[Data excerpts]
★ ★ ★ ★
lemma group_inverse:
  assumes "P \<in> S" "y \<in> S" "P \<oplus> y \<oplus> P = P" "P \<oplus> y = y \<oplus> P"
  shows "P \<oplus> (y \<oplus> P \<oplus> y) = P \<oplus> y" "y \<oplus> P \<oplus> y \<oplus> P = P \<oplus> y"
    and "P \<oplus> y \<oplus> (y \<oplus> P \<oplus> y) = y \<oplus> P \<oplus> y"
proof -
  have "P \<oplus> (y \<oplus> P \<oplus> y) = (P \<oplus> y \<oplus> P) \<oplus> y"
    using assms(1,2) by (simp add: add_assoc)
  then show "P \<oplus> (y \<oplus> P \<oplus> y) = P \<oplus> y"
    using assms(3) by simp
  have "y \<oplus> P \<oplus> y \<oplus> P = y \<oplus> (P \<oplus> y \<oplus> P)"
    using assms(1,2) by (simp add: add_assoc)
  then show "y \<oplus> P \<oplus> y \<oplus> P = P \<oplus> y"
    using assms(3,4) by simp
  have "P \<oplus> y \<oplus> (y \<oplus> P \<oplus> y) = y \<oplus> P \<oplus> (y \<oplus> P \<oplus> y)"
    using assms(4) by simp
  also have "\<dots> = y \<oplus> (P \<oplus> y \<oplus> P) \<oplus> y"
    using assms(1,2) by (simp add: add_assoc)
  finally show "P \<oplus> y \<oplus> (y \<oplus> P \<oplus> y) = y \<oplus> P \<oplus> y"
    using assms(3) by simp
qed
★ ★ ★ ★
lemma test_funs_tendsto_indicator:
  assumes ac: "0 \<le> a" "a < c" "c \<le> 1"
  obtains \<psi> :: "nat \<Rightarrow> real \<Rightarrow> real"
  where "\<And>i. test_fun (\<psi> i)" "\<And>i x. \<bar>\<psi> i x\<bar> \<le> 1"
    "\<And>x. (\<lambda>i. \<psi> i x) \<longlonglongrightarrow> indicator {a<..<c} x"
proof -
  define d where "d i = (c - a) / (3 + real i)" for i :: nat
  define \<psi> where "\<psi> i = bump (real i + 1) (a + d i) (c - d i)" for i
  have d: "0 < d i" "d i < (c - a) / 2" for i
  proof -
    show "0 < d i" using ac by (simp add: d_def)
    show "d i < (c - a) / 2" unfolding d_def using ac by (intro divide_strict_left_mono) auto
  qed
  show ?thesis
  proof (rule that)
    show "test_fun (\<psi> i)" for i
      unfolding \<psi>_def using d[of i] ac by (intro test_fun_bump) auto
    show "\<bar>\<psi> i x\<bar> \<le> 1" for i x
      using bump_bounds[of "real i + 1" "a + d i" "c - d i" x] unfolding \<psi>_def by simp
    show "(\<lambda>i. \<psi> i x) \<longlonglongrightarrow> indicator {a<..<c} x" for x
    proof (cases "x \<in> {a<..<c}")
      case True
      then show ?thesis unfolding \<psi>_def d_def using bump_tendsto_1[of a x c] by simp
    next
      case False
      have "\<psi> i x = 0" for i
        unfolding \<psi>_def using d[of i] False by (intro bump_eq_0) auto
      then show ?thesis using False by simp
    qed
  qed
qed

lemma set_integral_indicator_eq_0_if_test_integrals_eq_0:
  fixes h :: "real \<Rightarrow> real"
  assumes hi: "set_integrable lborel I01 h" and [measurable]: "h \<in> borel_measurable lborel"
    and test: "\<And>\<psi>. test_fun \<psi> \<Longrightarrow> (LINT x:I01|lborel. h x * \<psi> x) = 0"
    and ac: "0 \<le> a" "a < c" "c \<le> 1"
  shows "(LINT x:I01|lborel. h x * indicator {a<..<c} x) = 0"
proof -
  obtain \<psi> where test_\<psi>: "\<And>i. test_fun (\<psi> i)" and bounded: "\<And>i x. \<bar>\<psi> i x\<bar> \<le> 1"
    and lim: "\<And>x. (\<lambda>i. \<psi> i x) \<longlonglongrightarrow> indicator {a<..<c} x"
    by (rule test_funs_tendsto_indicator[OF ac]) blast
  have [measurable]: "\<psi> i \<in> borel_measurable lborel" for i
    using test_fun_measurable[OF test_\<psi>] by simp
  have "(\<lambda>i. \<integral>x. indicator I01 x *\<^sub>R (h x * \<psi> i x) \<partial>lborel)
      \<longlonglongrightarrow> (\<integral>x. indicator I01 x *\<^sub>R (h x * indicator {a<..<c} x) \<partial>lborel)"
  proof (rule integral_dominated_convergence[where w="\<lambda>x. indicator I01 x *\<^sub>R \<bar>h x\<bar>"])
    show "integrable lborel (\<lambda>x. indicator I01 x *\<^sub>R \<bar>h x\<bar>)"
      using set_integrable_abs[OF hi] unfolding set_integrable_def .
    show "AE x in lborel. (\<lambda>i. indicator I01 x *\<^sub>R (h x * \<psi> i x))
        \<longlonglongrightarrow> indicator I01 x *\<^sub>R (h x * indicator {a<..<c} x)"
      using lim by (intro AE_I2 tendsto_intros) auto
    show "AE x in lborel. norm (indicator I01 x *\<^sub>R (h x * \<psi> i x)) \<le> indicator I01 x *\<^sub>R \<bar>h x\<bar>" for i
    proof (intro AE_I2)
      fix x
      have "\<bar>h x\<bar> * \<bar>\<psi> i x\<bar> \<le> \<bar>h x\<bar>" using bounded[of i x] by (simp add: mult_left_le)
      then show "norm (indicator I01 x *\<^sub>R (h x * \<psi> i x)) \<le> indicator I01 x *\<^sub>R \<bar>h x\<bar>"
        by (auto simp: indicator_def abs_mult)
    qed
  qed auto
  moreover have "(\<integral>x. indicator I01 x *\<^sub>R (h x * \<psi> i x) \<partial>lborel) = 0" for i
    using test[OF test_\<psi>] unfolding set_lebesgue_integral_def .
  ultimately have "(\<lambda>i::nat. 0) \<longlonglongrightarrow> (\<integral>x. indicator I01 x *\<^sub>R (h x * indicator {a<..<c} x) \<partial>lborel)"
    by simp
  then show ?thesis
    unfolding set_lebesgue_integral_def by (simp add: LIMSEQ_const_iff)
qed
★ ★ ★ ★
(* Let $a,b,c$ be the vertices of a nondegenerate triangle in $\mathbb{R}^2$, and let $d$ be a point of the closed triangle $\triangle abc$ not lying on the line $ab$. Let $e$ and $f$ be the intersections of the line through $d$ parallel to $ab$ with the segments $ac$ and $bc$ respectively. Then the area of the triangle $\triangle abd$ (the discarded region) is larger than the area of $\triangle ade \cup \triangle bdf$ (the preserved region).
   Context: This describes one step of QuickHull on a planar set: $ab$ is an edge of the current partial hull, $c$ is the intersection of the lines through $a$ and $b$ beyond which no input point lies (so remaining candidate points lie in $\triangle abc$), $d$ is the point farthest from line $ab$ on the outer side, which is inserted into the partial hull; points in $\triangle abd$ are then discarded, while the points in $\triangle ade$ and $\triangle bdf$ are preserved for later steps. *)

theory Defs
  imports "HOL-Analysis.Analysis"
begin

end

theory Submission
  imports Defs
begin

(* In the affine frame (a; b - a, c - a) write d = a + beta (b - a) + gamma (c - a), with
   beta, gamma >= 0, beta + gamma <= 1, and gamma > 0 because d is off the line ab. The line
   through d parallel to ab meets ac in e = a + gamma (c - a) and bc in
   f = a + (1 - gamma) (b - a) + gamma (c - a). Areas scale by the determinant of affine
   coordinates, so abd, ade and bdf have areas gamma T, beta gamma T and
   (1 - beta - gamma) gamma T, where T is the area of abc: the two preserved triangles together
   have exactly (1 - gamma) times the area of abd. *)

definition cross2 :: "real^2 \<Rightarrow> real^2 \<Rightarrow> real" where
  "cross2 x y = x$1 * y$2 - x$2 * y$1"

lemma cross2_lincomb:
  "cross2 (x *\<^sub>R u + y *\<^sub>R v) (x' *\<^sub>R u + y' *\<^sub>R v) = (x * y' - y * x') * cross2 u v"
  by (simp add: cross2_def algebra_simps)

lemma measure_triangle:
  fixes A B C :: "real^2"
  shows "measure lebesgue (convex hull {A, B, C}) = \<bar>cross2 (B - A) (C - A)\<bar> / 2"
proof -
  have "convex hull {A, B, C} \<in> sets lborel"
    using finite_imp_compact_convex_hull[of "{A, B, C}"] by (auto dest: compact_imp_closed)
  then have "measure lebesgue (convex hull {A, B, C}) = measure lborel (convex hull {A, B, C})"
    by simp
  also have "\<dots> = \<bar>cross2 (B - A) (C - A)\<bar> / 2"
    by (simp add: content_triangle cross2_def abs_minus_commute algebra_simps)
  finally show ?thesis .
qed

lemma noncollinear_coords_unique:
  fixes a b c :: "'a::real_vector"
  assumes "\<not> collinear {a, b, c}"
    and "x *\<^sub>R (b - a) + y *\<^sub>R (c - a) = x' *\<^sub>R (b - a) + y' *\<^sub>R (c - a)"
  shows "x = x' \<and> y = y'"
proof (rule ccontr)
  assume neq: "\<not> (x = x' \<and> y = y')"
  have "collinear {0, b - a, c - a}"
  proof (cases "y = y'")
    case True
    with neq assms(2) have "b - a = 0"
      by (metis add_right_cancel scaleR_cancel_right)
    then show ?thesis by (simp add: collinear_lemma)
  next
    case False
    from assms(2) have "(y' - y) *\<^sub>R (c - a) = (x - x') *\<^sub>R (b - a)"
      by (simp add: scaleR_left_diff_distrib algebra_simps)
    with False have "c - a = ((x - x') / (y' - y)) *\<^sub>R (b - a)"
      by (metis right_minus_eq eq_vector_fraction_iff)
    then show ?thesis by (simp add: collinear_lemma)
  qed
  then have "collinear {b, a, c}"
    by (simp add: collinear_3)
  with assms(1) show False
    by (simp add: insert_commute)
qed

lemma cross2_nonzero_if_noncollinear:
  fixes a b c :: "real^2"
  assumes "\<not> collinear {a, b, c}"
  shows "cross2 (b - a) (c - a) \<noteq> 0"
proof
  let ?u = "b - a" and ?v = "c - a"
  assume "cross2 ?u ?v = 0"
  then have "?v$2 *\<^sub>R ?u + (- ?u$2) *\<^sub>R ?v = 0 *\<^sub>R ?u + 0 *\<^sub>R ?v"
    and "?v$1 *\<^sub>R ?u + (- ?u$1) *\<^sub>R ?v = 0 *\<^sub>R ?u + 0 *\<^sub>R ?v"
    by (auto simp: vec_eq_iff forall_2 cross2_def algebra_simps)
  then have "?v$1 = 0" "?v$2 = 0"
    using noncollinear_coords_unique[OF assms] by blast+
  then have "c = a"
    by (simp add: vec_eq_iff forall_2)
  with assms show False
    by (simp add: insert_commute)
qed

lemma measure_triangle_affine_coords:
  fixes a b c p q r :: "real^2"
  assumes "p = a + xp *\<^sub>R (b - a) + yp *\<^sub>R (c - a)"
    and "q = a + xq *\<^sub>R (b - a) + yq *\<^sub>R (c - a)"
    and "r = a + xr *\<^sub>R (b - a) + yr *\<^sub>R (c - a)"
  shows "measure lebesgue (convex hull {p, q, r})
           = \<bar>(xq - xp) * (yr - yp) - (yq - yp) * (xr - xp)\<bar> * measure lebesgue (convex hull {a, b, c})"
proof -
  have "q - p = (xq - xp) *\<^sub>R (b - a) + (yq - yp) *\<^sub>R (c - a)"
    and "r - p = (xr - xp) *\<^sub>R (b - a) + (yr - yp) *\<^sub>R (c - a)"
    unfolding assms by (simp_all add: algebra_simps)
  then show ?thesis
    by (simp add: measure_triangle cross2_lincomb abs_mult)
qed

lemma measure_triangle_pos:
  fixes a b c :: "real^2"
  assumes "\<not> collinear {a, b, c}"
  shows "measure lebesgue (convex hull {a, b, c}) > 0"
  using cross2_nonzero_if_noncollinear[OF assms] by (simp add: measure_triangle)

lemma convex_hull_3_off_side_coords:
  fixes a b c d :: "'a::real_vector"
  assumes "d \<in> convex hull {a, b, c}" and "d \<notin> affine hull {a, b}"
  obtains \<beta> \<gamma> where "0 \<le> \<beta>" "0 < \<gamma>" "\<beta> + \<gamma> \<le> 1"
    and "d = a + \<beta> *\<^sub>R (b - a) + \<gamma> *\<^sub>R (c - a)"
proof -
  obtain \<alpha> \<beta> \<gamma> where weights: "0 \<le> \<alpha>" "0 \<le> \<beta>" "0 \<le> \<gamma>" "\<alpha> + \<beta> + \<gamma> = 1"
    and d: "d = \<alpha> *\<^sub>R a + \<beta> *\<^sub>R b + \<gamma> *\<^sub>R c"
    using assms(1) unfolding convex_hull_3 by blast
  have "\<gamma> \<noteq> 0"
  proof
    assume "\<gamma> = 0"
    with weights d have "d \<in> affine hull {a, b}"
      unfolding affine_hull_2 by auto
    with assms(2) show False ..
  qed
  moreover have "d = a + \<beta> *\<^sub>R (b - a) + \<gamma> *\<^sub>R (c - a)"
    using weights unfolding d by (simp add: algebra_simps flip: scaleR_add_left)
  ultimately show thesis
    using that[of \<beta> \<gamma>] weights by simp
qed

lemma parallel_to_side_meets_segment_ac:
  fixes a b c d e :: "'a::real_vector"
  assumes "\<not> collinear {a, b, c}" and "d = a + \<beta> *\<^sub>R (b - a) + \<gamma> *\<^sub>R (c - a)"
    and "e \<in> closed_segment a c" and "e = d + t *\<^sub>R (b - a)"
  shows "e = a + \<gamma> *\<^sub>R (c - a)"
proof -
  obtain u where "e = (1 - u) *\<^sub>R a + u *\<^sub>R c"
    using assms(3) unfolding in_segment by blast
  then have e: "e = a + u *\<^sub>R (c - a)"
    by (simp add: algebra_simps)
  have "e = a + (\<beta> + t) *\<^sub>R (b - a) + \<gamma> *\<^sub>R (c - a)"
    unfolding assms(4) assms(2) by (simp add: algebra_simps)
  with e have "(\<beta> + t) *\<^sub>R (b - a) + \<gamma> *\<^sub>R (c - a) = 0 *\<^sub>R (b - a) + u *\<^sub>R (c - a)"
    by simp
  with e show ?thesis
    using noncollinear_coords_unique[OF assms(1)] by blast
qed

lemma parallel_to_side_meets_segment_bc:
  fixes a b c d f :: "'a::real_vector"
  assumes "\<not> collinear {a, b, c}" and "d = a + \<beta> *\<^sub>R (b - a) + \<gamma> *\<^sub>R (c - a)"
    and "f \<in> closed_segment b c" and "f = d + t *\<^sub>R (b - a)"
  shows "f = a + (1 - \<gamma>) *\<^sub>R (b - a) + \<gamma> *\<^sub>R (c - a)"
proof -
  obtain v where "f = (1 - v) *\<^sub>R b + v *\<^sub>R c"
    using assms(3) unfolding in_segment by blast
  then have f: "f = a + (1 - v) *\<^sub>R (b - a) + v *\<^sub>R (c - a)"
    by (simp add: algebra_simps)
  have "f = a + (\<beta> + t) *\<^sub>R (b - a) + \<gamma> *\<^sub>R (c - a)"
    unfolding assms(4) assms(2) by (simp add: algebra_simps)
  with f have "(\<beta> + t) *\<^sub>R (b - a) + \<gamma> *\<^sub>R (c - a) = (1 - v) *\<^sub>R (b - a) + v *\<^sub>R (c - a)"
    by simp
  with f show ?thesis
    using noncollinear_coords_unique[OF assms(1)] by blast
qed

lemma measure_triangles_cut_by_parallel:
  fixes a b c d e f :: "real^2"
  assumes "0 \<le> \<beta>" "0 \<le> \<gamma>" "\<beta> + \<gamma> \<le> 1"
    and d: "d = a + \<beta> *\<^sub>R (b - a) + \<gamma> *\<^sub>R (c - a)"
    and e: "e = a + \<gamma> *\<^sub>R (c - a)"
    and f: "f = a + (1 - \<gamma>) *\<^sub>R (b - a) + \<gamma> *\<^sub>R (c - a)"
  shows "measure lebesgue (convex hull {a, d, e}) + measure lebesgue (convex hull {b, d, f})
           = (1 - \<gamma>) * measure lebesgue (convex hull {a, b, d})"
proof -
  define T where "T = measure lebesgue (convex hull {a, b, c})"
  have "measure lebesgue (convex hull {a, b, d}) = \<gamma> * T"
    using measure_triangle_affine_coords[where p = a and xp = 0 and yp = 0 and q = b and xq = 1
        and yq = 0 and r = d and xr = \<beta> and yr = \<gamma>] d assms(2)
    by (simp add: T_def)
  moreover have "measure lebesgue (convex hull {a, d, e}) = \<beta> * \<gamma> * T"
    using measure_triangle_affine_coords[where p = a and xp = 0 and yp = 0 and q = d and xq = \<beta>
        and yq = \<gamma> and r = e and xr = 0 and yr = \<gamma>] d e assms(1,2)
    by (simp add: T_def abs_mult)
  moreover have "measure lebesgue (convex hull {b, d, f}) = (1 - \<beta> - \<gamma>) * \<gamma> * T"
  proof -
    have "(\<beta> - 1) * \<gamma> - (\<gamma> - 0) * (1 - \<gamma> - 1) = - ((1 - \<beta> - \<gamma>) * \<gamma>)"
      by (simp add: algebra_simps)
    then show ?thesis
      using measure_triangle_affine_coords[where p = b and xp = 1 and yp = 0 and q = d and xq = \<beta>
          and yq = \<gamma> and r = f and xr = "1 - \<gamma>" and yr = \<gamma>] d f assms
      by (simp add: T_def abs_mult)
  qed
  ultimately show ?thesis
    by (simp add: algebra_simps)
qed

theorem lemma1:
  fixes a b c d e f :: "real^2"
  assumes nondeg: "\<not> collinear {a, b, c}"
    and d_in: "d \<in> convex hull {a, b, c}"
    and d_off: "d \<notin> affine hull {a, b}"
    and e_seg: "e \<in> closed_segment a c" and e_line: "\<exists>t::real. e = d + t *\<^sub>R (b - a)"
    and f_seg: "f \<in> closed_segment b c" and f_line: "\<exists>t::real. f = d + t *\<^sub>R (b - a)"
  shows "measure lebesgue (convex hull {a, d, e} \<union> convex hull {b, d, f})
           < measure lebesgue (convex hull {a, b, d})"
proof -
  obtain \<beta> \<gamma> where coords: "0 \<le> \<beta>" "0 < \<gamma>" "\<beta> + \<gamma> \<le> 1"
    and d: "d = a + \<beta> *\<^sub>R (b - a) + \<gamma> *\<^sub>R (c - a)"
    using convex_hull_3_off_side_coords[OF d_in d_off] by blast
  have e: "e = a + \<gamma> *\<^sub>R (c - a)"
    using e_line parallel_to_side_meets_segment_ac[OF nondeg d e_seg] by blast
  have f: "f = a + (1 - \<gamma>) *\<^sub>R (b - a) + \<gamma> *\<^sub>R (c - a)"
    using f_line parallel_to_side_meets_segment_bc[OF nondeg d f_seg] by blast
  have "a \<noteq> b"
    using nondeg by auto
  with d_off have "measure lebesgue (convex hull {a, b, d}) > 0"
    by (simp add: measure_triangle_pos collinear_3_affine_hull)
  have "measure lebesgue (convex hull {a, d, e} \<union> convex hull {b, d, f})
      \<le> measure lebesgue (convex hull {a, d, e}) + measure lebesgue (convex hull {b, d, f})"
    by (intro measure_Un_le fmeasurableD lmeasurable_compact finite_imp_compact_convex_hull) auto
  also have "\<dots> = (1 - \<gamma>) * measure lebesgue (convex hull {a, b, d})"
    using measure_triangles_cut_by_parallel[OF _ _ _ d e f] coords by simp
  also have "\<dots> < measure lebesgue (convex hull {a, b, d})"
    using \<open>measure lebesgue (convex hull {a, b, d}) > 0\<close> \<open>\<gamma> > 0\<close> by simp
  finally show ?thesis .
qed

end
★ ★ ★ ★
### EXERCISE GOAL:
Please go through the data and copy each line containing the word "ultimately".

### RESULT OF THE EXERCISE:
  ultimately have "(\<lambda>i::nat. 0) \<longlonglongrightarrow> (\<integral>x. indicator I01 x *\<^sub>R (h x * indicator {a<..<c} x) \<partial>lborel)"
  ultimately show thesis
  ultimately show ?thesis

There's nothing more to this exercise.